Fall through early winter is the ideal time to get new landscaping and many of the tough food crops planted. To have those plants establish and grow their best, proper bed preparation is critical. Clay soils, sandy soils and all soils in between are prepared the same way.

First The Don’ts:
  • Don’t remove the native soil unless drainage problems would be caused by the new beds. Existing native soil is an important part of the bed preparation mixture.
  • Don’t use peat moss, pine bark or concrete sand. These products don’t provide any benefit and are problematic, especially when compared to the natural organic choices.
  • Don’t till wet soil. Tilling, forking or digging holes in wet soil does damage by squeezing the soil particles together, causing glazing and eliminating air spaces needed for healthy soil life.
  • Don’t spray toxic herbicides. Spraying toxic herbicides anytime is a bad idea, but in the fall and winter, it’s really stupid because they can’t kill dormant grasses and weeds.
Now The Do’s:
  • Scrape away existing weeds and grass and toss into the compost pile. Always remove the grass before any tilling is done. Tilling first drives reproductive part of plants down in the ground to be weed problem forever. Organic herbicides (not the toxic stuff like Roundup) can be used in the summer, but physical removal then is still better.
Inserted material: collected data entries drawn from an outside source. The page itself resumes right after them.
lemma frobenius_system_dual_expansion:
  fixes sA :: "'k::comm_ring_1 \<Rightarrow> 'a::ring_1 \<Rightarrow> 'a"
    and sP :: "'k \<Rightarrow> 'p::ab_group_add \<Rightarrow> 'p"
  assumes kA: "k_algebra sA" and inv: "invertible_module sP"
    and fs: "frobenius_system sA sP \<phi> m x q y"
  shows "(\<Sum>j<m. sA (q j (\<phi> (c * x j))) (y j)) = c"
proof -
  have \<phi>: "frobenius_hom sA sP \<phi>" using fs unfolding frobenius_system_def by blast
  interpret \<phi>: module_hom sA sP \<phi> using \<phi> unfolding frobenius_hom_def by blast
  have q: "\<And>j. j < m \<Longrightarrow> module_hom sP (*) (q j)"
    using fs unfolding frobenius_system_def dual_def by blast
  have expand: "\<And>a. (\<Sum>j<m. sA (q j (\<phi> (y j * a))) (x j)) = a"
    using fs unfolding frobenius_system_def by blast
  have scale_left: "\<And>c u v. sA c (u * v) = sA c u * v"
    and scale_right: "\<And>c u v. sA c (u * v) = u * sA c v"
    using kA unfolding k_algebra_def by blast+
  show ?thesis
  proof (rule frobenius_hom_cancel[OF \<phi>])
    fix a
    have "\<phi> ((\<Sum>j<m. sA (q j (\<phi> (c * x j))) (y j)) * a)
        = (\<Sum>j<m. sP (q j (\<phi> (c * x j))) (\<phi> (y j * a)))"
      by (simp add: sum_distrib_right \<phi>.sum \<phi>.scale flip: scale_left)
    also have "\<dots> = (\<Sum>j<m. sP (q j (\<phi> (y j * a))) (\<phi> (c * x j)))"
      by (rule sum.cong[OF refl]) (simp add: invertible_module_functional_swap[OF inv q])
    also have "\<dots> = \<phi> (c * (\<Sum>j<m. sA (q j (\<phi> (y j * a))) (x j)))"
      by (simp add: sum_distrib_left \<phi>.sum \<phi>.scale flip: scale_right)
    also have "\<dots> = \<phi> (c * a)" by (simp add: expand)
    finally show "\<phi> ((\<Sum>j<m. sA (q j (\<phi> (c * x j))) (y j)) * a) = \<phi> (c * a)" .
  qed
qed

lemma fscale_module: "module (fscale :: 'k::comm_ring_1 \<Rightarrow> ('x \<Rightarrow> 'k) \<Rightarrow> ('x \<Rightarrow> 'k))"
  by unfold_locales (auto simp: fscale_def fun_eq_iff algebra_simps)

definition tensor3_cong ::
  "('k::comm_ring_1 \<Rightarrow> 'a::ab_group_add \<Rightarrow> 'a) \<Rightarrow> ('k \<Rightarrow> 'q::ab_group_add \<Rightarrow> 'q) \<Rightarrow> 'q set
   \<Rightarrow> ('k \<Rightarrow> 'b::ab_group_add \<Rightarrow> 'b) \<Rightarrow> ('a \<times> 'q \<times> 'b \<Rightarrow> 'k) \<Rightarrow> ('a \<times> 'q \<times> 'b \<Rightarrow> 'k) \<Rightarrow> bool" where
  "tensor3_cong s1 s2 C2 s3 f g \<longleftrightarrow> f - g \<in> module.span fscale (tensor3_rel s1 s2 C2 s3)"

lemma tensor3_sum_eq_iff_cong:
  "tensor3_sum_eq s1 s2 C2 s3 m a q b n a' q' b' \<longleftrightarrow>
     tensor3_cong s1 s2 C2 s3 (\<Sum>j<m. tdelta (a j) (q j) (b j)) (\<Sum>i<n. tdelta (a' i) (q' i) (b' i))"
  unfolding tensor3_sum_eq_def tensor3_cong_def ..

context
  fixes s1 :: "'k::comm_ring_1 \<Rightarrow> 'a::ab_group_add \<Rightarrow> 'a"
    and s2 :: "'k \<Rightarrow> 'q::ab_group_add \<Rightarrow> 'q" and C2 :: "'q set"
    and s3 :: "'k \<Rightarrow> 'b::ab_group_add \<Rightarrow> 'b"
begin

interpretation fm: module "fscale :: 'k \<Rightarrow> ('a \<times> 'q \<times> 'b \<Rightarrow> 'k) \<Rightarrow> _"
  by (rule fscale_module)

lemma tensor3_cong_sym: "tensor3_cong s1 s2 C2 s3 f g \<Longrightarrow> tensor3_cong s1 s2 C2 s3 g f"
  unfolding tensor3_cong_def using fm.span_neg by fastforce

lemma tensor3_cong_trans [trans]:
  "tensor3_cong s1 s2 C2 s3 f g \<Longrightarrow> tensor3_cong s1 s2 C2 s3 g h \<Longrightarrow> tensor3_cong s1 s2 C2 s3 f h"
  unfolding tensor3_cong_def using fm.span_add by fastforce

lemma tensor3_cong_add:
  "tensor3_cong s1 s2 C2 s3 f g \<Longrightarrow> tensor3_cong s1 s2 C2 s3 f' g'
   \<Longrightarrow> tensor3_cong s1 s2 C2 s3 (f + f') (g + g')"
  unfolding tensor3_cong_def using fm.span_add by (fastforce simp: algebra_simps)

lemma tensor3_cong_sum:
  "(\<And>i. i \<in> A \<Longrightarrow> tensor3_cong s1 s2 C2 s3 (f i) (g i))
   \<Longrightarrow> tensor3_cong s1 s2 C2 s3 (sum f A) (sum g A)"
  unfolding tensor3_cong_def using fm.span_sum[of A "\<lambda>i. f i - g i"] by (simp add: sum_subtractf)

lemma tensor3_cong_add_first:
  "r \<in> C2 \<Longrightarrow> tensor3_cong s1 s2 C2 s3 (tdelta (a + a') r b) (tdelta a r b + tdelta a' r b)"
  unfolding tensor3_cong_def diff_diff_eq[symmetric]
  by (rule fm.span_base) (unfold tensor3_rel_def, fast)

lemma tensor3_cong_add_third:
  "r \<in> C2 \<Longrightarrow> tensor3_cong s1 s2 C2 s3 (tdelta a r (b + b')) (tdelta a r b + tdelta a r b')"
  unfolding tensor3_cong_def diff_diff_eq[symmetric]
  by (rule fm.span_base) (unfold tensor3_rel_def, fast)

lemma tensor3_cong_scale_first:
  "r \<in> C2 \<Longrightarrow> tensor3_cong s1 s2 C2 s3 (tdelta (s1 c a) r b) (fscale c (tdelta a r b))"
  unfolding tensor3_cong_def by (rule fm.span_base) (unfold tensor3_rel_def, fast)

lemma tensor3_cong_scale_second:
  "r \<in> C2 \<Longrightarrow> tensor3_cong s1 s2 C2 s3 (tdelta a (s2 c r) b) (fscale c (tdelta a r b))"
  unfolding tensor3_cong_def by (rule fm.span_base) (unfold tensor3_rel_def, fast)

lemma tensor3_cong_scale_third:
  "r \<in> C2 \<Longrightarrow> tensor3_cong s1 s2 C2 s3 (tdelta a r (s3 c b)) (fscale c (tdelta a r b))"
  unfolding tensor3_cong_def by (rule fm.span_base) (unfold tensor3_rel_def, fast)

lemma tensor3_cong_linear_first:
  assumes r: "r \<in> C2"
  shows "tensor3_cong s1 s2 C2 s3
           (tdelta (\<Sum>i<(n::nat). s1 (c i) (a i)) r b) (\<Sum>i<n. fscale (c i) (tdelta (a i) r b))"
proof (induction n)
  case 0
  have "tdelta 0 r b - (tdelta 0 r b + tdelta 0 r b) \<in> module.span fscale (tensor3_rel s1 s2 C2 s3)"
    using tensor3_cong_add_first[OF r, of 0 0] unfolding tensor3_cong_def by simp
  then show ?case unfolding tensor3_cong_def using fm.span_neg by fastforce
next
  case (Suc n)
  have "tensor3_cong s1 s2 C2 s3 (tdelta (\<Sum>i<Suc n. s1 (c i) (a i)) r b)
          (tdelta (\<Sum>i<n. s1 (c i) (a i)) r b + tdelta (s1 (c n) (a n)) r b)"
    using tensor3_cong_add_first[OF r] by simp
  also have "tensor3_cong s1 s2 C2 s3 \<dots>
               ((\<Sum>i<n. fscale (c i) (tdelta (a i) r b)) + fscale (c n) (tdelta (a n) r b))"
    by (intro tensor3_cong_add Suc.IH tensor3_cong_scale_first r)
  finally show ?case by (simp only: sum.lessThan_Suc)
qed

lemma tensor3_cong_linear_third:
  assumes r: "r \<in> C2"
  shows "tensor3_cong s1 s2 C2 s3
           (tdelta a r (\<Sum>i<(n::nat). s3 (c i) (b i))) (\<Sum>i<n. fscale (c i) (tdelta a r (b i)))"
proof (induction n)
  case 0
  have "tdelta a r 0 - (tdelta a r 0 + tdelta a r 0) \<in> module.span fscale (tensor3_rel s1 s2 C2 s3)"
    using tensor3_cong_add_third[OF r, of a 0 0] unfolding tensor3_cong_def by simp
  then show ?case unfolding tensor3_cong_def using fm.span_neg by fastforce
next
  case (Suc n)
  have "tensor3_cong s1 s2 C2 s3 (tdelta a r (\<Sum>i<Suc n. s3 (c i) (b i)))
          (tdelta a r (\<Sum>i<n. s3 (c i) (b i)) + tdelta a r (s3 (c n) (b n)))"
    using tensor3_cong_add_third[OF r] by simp
  also have "tensor3_cong s1 s2 C2 s3 \<dots>
               ((\<Sum>i<n. fscale (c i) (tdelta a r (b i))) + fscale (c n) (tdelta a r (b n)))"
    by (intro tensor3_cong_add Suc.IH tensor3_cong_scale_third r)
  finally show ?case by (simp only: sum.lessThan_Suc)
qed

lemma tensor3_cong_move_scalar:
  assumes "r \<in> C2" "r' \<in> C2" and "s2 c r = s2 c' r'"
  shows "tensor3_cong s1 s2 C2 s3 (fscale c (tdelta a r b)) (fscale c' (tdelta a r' b))"
proof -
  have "tensor3_cong s1 s2 C2 s3 (fscale c (tdelta a r b)) (tdelta a (s2 c r) b)"
    by (rule tensor3_cong_sym, rule tensor3_cong_scale_second) fact
  also have "tensor3_cong s1 s2 C2 s3 \<dots> (fscale c' (tdelta a r' b))"
    unfolding assms(3) by (rule tensor3_cong_scale_second) fact
  finally show ?thesis .
qed

end

lemma frobenius_systems_tensor_change:
  fixes sA :: "'k::comm_ring_1 \<Rightarrow> 'a::ring_1 \<Rightarrow> 'a"
    and sP :: "'k \<Rightarrow> 'p::ab_group_add \<Rightarrow> 'p"
  assumes kA: "k_algebra sA" and inv: "invertible_module sP"
    and fs: "frobenius_system sA sP \<phi> n x q y"
    and fs': "frobenius_system sA sP \<phi>' m x' q' y'"
    and e: "\<And>a. \<phi> a = \<phi>' (e * a)"
  shows "tensor3_sum_eq sA dual_scale (dual sP) sA m x' q' y' n x q (\<lambda>i. e * y i)"
proof -
  let ?cong = "tensor3_cong sA dual_scale (dual sP) sA"
  let ?T = "tdelta :: 'a \<Rightarrow> ('p \<Rightarrow> 'k) \<Rightarrow> 'a \<Rightarrow> ('a \<times> ('p \<Rightarrow> 'k) \<times> 'a \<Rightarrow> 'k)"
  have q: "\<And>i. i < n \<Longrightarrow> q i \<in> dual sP" and q': "\<And>j. j < m \<Longrightarrow> q' j \<in> dual sP"
    using fs fs' unfolding frobenius_system_def by auto
  have expand_x: "(\<Sum>i<n. sA (q i (\<phi> (y i * a))) (x i)) = a" for a
    using fs unfolding frobenius_system_def by blast
  define p where "p i j = \<phi> (y i * x' j)" for i j
  have expand_y': "(\<Sum>j<m. sA (q' j (p i j)) (y' j)) = e * y i" for i
    using frobenius_system_dual_expansion[OF kA inv fs', of "e * y i"]
    by (simp add: p_def e mult.assoc)
  have "?cong (\<Sum>j<m. ?T (x' j) (q' j) (y' j))
              (\<Sum>j<m. \<Sum>i<n. fscale (q i (p i j)) (?T (x i) (q' j) (y' j)))"
  proof (rule tensor3_cong_sum)
    fix j assume "j \<in> {..<m}"
    then have "?cong (?T (\<Sum>i<n. sA (q i (p i j)) (x i)) (q' j) (y' j))
                     (\<Sum>i<n. fscale (q i (p i j)) (?T (x i) (q' j) (y' j)))"
      by (intro tensor3_cong_linear_first q') simp
    then show "?cong (?T (x' j) (q' j) (y' j)) (\<Sum>i<n. fscale (q i (p i j)) (?T (x i) (q' j) (y' j)))"
      by (simp only: p_def expand_x)
  qed
  also have "?cong \<dots> (\<Sum>j<m. \<Sum>i<n. fscale (q' j (p i j)) (?T (x i) (q i) (y' j)))"
    by (intro tensor3_cong_sum tensor3_cong_move_scalar q q' dual_scale_swap[OF inv]) auto
  also have "\<dots> = (\<Sum>i<n. \<Sum>j<m. fscale (q' j (p i j)) (?T (x i) (q i) (y' j)))"
    by (rule sum.swap)
  also have "?cong \<dots> (\<Sum>i<n. ?T (x i) (q i) (e * y i))"
  proof (rule tensor3_cong_sum)
    fix i assume "i \<in> {..<n}"
    then have "?cong (?T (x i) (q i) (\<Sum>j<m. sA (q' j (p i j)) (y' j)))
                     (\<Sum>j<m. fscale (q' j (p i j)) (?T (x i) (q i) (y' j)))"
      by (intro tensor3_cong_linear_third q) simp
    then show "?cong (\<Sum>j<m. fscale (q' j (p i j)) (?T (x i) (q i) (y' j))) (?T (x i) (q i) (e * y i))"
      by (simp only: expand_y' tensor3_cong_sym)
  qed
  finally show ?thesis unfolding tensor3_sum_eq_iff_cong .
qed

theorem theorem2p7:
  fixes sA :: "'k::comm_ring_1 \<Rightarrow> 'a::ring_1 \<Rightarrow> 'a"
    and sP :: "'k \<Rightarrow> 'p::ab_group_add \<Rightarrow> 'p"
    and \<phi> \<phi>' :: "'a \<Rightarrow> 'p"
    and n m :: nat
    and x y x' y' :: "nat \<Rightarrow> 'a"
    and q q' :: "nat \<Rightarrow> 'p \<Rightarrow> 'k"
    and \<nu> \<nu>' :: "'a \<Rightarrow> 'a"
  assumes "k_algebra sA"
    and "invertible_module sP"
    and "P_Frobenius sA sP"
    and "frobenius_system sA sP \<phi> n x q y"
    and "frobenius_system sA sP \<phi>' m x' q' y'"
    and "nakayama_aut sA \<phi> \<nu>"
    and "nakayama_aut sA \<phi>' \<nu>'"
  shows "\<exists>d dinv. d * dinv = 1 \<and> dinv * d = 1 \<and>
           (\<forall>a. \<phi>' a = \<phi> (d * a)) \<and>
           tensor3_sum_eq sA dual_scale (dual sP) sA m x' q' y' n x q (\<lambda>i. dinv * y i) \<and>
           (\<forall>a. \<nu>' a = dinv * \<nu> a * d)"
proof -
  have \<phi>: "frobenius_hom sA sP \<phi>" and \<phi>': "frobenius_hom sA sP \<phi>'"
    using assms(4,5) unfolding frobenius_system_def by blast+
  obtain d e where "d * e = 1" "e * d = 1"
    and d: "\<And>a. \<phi>' a = \<phi> (d * a)" and e: "\<And>a. \<phi> a = \<phi>' (e * a)"
    using frobenius_homs_unit_multiple[OF \<phi> \<phi>'] by blast
  moreover have "tensor3_sum_eq sA dual_scale (dual sP) sA m x' q' y' n x q (\<lambda>i. e * y i)"
    using frobenius_systems_tensor_change[OF assms(1,2,4,5)] e by blast
  moreover have "\<nu>' a = e * \<nu> a * d" for a
    using nakayama_aut_change[OF \<phi> assms(6,7)] d \<open>e * d = 1\<close> by blast
  ultimately show ?thesis by blast
qed

end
  • Raise the beds. Walls aren’t essential, but the top of the beds should be flat and higher than the surrounding grades with sloped edges for drainage. This lifting happens naturally if proper amounts of amendments are added to the soil.
  • Amendments should include 4 - 6” of compost, organic fertilizer (2 lbs. per 100 sq. ft.), lava sand (10 lbs. per 100 sq. ft.), Azomite or other rock minerals (4 lbs. per 100 sq. ft.), dry molasses (2 lbs. per 100 sq. ft.) and whole ground cornmeal (2 lbs. per 100 sq. ft.). Rototill or fork these amendments to a total depth of 8”.
  • Prepared beds should be moistened before planting begins. Roots of transplants should be sopping wet and thoroughly hydrated by soaking in water with Garrett Juice added before they are installed.
  • Set the plants high with the top of the rootballs slightly higher than the surrounding soil with flares dramatically high and visible. This is especially critical on woody plants. Setting plants too low can cause poor growth, disease problems and even drowning.
  • Mulch beds after planting with 2 - 3” of shredded native tree trimmings for large plants and a thinner layer of compost for annuals and perennials. Never pile mulch onto the stems of plants.
In short - just add plenty of compost, rock minerals and sugars like molasses and cornmeal into the native soil, provide moisture and mulch all bare soil after planting.